WHAT THE EXERCISE ASKS: Extract exactly those lines that lie between the start of the material and the line with "in the triangle", including both boundary lines and no others.

RECORDS TO USE:
*** Begin section ***
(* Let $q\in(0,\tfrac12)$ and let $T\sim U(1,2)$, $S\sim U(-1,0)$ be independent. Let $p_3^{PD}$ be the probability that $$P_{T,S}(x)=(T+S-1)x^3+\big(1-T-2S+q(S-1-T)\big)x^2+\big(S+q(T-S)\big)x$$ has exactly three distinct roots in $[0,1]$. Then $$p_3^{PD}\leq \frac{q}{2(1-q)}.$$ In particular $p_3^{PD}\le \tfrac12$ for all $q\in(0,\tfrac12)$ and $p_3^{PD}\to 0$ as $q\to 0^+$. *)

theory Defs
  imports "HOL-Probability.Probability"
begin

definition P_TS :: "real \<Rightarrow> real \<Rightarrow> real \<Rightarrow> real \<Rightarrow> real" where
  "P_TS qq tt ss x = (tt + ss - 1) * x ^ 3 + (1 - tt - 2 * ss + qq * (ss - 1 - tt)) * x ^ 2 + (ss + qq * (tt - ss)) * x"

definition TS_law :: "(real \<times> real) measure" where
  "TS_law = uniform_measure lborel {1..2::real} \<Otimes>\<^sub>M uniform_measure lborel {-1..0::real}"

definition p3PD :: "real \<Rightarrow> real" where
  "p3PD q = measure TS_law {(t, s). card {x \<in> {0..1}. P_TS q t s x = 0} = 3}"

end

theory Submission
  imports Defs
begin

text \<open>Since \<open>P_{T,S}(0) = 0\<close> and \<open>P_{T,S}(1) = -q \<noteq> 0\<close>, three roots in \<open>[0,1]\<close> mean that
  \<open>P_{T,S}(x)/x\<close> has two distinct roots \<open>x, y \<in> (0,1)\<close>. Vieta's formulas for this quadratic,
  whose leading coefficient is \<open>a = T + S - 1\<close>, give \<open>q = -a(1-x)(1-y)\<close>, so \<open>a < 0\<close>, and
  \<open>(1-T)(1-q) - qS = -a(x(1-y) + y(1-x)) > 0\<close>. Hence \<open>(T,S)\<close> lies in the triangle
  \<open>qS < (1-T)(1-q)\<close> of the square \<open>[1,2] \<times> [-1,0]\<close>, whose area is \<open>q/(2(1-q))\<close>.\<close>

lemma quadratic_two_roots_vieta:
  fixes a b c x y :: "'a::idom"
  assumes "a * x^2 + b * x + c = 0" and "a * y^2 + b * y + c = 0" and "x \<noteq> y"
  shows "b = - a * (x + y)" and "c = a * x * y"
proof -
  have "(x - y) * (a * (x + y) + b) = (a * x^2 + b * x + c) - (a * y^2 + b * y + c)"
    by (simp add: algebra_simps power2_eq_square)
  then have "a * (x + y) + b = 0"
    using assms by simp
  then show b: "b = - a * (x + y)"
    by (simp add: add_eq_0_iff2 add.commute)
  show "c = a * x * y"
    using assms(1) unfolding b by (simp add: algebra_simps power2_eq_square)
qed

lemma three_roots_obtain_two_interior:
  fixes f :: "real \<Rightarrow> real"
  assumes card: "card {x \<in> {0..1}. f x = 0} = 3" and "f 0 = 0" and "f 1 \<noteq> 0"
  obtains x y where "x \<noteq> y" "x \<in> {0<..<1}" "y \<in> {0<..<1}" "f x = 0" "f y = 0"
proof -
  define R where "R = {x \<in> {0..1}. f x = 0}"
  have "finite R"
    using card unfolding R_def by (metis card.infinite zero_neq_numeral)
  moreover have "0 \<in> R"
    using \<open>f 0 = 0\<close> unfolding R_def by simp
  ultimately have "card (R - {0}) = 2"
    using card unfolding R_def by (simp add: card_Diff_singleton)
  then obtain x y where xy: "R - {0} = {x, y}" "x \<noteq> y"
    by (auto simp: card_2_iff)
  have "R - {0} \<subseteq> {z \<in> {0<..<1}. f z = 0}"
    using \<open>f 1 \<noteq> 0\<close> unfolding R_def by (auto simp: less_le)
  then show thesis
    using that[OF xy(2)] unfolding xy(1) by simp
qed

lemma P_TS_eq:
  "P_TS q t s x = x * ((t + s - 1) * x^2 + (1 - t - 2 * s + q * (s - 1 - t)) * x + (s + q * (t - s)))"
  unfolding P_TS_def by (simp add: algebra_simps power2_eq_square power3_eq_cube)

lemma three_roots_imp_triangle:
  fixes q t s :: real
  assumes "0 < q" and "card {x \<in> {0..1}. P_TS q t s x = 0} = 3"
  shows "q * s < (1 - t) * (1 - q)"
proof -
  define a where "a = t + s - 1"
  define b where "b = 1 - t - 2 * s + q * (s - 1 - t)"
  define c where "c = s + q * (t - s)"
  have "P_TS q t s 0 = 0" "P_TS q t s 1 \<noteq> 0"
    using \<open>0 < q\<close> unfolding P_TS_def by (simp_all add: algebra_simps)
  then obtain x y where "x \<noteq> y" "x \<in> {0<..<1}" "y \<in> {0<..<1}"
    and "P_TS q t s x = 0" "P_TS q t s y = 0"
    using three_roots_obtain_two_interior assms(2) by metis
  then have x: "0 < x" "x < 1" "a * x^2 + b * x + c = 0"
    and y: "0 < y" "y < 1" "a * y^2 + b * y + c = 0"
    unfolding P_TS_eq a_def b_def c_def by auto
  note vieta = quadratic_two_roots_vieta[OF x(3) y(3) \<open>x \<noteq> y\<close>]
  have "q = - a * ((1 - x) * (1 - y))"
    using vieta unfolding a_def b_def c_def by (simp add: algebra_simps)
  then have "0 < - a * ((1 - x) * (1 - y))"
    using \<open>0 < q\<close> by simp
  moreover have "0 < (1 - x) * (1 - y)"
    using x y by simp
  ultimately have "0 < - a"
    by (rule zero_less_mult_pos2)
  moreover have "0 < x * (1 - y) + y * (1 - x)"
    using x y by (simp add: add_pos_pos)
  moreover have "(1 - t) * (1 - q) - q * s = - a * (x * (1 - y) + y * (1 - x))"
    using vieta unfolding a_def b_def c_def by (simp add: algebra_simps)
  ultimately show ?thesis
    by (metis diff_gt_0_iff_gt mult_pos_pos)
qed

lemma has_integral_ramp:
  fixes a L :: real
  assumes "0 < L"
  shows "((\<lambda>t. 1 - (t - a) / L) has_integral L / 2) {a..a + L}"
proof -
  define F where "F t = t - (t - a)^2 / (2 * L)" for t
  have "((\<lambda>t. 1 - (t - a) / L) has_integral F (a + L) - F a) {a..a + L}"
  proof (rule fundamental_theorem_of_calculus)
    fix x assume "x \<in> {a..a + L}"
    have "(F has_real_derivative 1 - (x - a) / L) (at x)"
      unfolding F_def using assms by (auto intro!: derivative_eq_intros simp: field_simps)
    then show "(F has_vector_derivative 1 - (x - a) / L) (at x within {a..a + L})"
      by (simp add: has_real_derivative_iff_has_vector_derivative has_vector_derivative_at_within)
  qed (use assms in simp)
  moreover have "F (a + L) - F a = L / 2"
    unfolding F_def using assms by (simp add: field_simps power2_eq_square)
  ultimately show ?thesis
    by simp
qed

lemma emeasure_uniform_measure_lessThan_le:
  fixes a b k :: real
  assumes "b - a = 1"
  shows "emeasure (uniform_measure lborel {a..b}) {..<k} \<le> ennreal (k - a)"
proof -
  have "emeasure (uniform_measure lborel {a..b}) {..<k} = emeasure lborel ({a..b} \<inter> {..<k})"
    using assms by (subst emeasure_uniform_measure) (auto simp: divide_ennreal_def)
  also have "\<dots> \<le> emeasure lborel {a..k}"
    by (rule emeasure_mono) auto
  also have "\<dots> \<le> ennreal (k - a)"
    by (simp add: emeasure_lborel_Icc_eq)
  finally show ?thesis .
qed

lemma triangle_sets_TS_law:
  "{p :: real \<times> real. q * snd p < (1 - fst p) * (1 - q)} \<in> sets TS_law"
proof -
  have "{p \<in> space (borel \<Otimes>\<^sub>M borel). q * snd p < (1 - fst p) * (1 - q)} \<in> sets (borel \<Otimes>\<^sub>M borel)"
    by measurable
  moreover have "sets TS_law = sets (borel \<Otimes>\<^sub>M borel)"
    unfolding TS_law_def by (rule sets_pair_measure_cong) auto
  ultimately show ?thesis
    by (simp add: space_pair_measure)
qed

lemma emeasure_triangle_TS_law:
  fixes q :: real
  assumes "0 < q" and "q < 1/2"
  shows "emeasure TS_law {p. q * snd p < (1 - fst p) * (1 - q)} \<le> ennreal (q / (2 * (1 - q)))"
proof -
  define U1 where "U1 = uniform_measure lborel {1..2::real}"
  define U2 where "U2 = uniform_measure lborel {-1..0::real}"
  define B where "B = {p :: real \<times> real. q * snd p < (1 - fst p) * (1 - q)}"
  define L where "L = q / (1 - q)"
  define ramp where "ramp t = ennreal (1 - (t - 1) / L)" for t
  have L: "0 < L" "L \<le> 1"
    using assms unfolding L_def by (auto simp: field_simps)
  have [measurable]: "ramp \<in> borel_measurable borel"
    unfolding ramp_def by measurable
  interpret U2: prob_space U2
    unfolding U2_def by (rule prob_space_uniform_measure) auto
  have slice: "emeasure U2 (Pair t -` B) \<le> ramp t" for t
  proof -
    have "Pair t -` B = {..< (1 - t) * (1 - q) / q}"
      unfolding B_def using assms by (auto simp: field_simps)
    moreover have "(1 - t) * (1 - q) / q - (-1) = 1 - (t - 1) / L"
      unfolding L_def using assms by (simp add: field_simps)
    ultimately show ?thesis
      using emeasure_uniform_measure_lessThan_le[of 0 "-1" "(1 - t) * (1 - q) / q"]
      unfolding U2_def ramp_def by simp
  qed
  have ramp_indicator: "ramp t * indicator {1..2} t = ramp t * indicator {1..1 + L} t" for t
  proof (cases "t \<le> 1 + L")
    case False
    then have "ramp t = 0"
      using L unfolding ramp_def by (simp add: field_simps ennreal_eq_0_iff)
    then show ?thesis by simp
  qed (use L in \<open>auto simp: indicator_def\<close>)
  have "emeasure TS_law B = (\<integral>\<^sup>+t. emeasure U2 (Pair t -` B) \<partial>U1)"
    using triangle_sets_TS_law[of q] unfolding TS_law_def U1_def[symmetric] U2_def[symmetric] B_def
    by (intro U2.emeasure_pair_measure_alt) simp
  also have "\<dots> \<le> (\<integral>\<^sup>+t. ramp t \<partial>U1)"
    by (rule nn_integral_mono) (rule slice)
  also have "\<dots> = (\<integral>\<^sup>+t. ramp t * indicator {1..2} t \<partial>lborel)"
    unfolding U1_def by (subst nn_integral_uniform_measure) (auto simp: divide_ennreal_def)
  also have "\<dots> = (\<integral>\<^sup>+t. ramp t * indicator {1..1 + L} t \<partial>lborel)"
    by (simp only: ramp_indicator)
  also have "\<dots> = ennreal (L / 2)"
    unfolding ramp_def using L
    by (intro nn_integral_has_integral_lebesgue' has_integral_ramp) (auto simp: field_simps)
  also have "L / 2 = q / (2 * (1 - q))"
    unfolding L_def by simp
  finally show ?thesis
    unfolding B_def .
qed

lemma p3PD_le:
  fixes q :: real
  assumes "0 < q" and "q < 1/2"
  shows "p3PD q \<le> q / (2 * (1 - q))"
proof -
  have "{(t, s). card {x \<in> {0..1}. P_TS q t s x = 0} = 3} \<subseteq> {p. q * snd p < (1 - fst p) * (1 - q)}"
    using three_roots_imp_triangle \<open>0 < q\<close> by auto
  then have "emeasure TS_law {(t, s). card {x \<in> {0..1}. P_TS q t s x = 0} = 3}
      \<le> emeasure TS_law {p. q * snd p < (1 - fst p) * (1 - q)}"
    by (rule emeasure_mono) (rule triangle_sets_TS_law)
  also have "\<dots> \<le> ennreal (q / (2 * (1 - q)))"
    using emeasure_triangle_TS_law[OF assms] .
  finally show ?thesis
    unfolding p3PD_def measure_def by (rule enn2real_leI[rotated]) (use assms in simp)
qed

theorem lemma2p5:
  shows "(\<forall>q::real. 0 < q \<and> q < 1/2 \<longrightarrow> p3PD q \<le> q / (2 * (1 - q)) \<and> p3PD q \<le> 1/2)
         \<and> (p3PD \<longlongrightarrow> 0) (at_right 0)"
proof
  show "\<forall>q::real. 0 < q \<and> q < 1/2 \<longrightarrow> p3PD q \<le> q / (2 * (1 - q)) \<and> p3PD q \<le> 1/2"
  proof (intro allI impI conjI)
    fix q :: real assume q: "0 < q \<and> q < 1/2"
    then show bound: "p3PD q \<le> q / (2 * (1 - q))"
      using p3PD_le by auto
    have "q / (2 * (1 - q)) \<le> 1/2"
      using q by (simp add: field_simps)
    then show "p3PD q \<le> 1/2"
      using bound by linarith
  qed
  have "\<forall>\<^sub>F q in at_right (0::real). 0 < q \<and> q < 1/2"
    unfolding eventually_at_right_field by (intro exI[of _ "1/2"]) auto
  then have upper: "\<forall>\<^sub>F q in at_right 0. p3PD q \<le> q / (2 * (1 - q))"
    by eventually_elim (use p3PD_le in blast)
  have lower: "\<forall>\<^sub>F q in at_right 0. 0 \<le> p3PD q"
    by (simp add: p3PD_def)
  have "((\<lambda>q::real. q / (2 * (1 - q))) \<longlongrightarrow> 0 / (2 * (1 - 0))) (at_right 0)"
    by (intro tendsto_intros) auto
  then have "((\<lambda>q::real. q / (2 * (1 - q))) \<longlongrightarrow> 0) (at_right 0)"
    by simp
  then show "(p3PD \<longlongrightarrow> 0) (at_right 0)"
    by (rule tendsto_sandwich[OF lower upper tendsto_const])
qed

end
*** End section ***
SOLUTION FOR THIS TASK:
(* Let $q\in(0,\tfrac12)$ and let $T\sim U(1,2)$, $S\sim U(-1,0)$ be independent. Let $p_3^{PD}$ be the probability that $$P_{T,S}(x)=(T+S-1)x^3+\big(1-T-2S+q(S-1-T)\big)x^2+\big(S+q(T-S)\big)x$$ has exactly three distinct roots in $[0,1]$. Then $$p_3^{PD}\leq \frac{q}{2(1-q)}.$$ In particular $p_3^{PD}\le \tfrac12$ for all $q\in(0,\tfrac12)$ and $p_3^{PD}\to 0$ as $q\to 0^+$. *)

theory Defs
  imports "HOL-Probability.Probability"
begin

definition P_TS :: "real \<Rightarrow> real \<Rightarrow> real \<Rightarrow> real \<Rightarrow> real" where
  "P_TS qq tt ss x = (tt + ss - 1) * x ^ 3 + (1 - tt - 2 * ss + qq * (ss - 1 - tt)) * x ^ 2 + (ss + qq * (tt - ss)) * x"

definition TS_law :: "(real \<times> real) measure" where
  "TS_law = uniform_measure lborel {1..2::real} \<Otimes>\<^sub>M uniform_measure lborel {-1..0::real}"

definition p3PD :: "real \<Rightarrow> real" where
  "p3PD q = measure TS_law {(t, s). card {x \<in> {0..1}. P_TS q t s x = 0} = 3}"

end

theory Submission
  imports Defs
begin

text \<open>Since \<open>P_{T,S}(0) = 0\<close> and \<open>P_{T,S}(1) = -q \<noteq> 0\<close>, three roots in \<open>[0,1]\<close> mean that
  \<open>P_{T,S}(x)/x\<close> has two distinct roots \<open>x, y \<in> (0,1)\<close>. Vieta's formulas for this quadratic,
  whose leading coefficient is \<open>a = T + S - 1\<close>, give \<open>q = -a(1-x)(1-y)\<close>, so \<open>a < 0\<close>, and
  \<open>(1-T)(1-q) - qS = -a(x(1-y) + y(1-x)) > 0\<close>. Hence \<open>(T,S)\<close> lies in the triangle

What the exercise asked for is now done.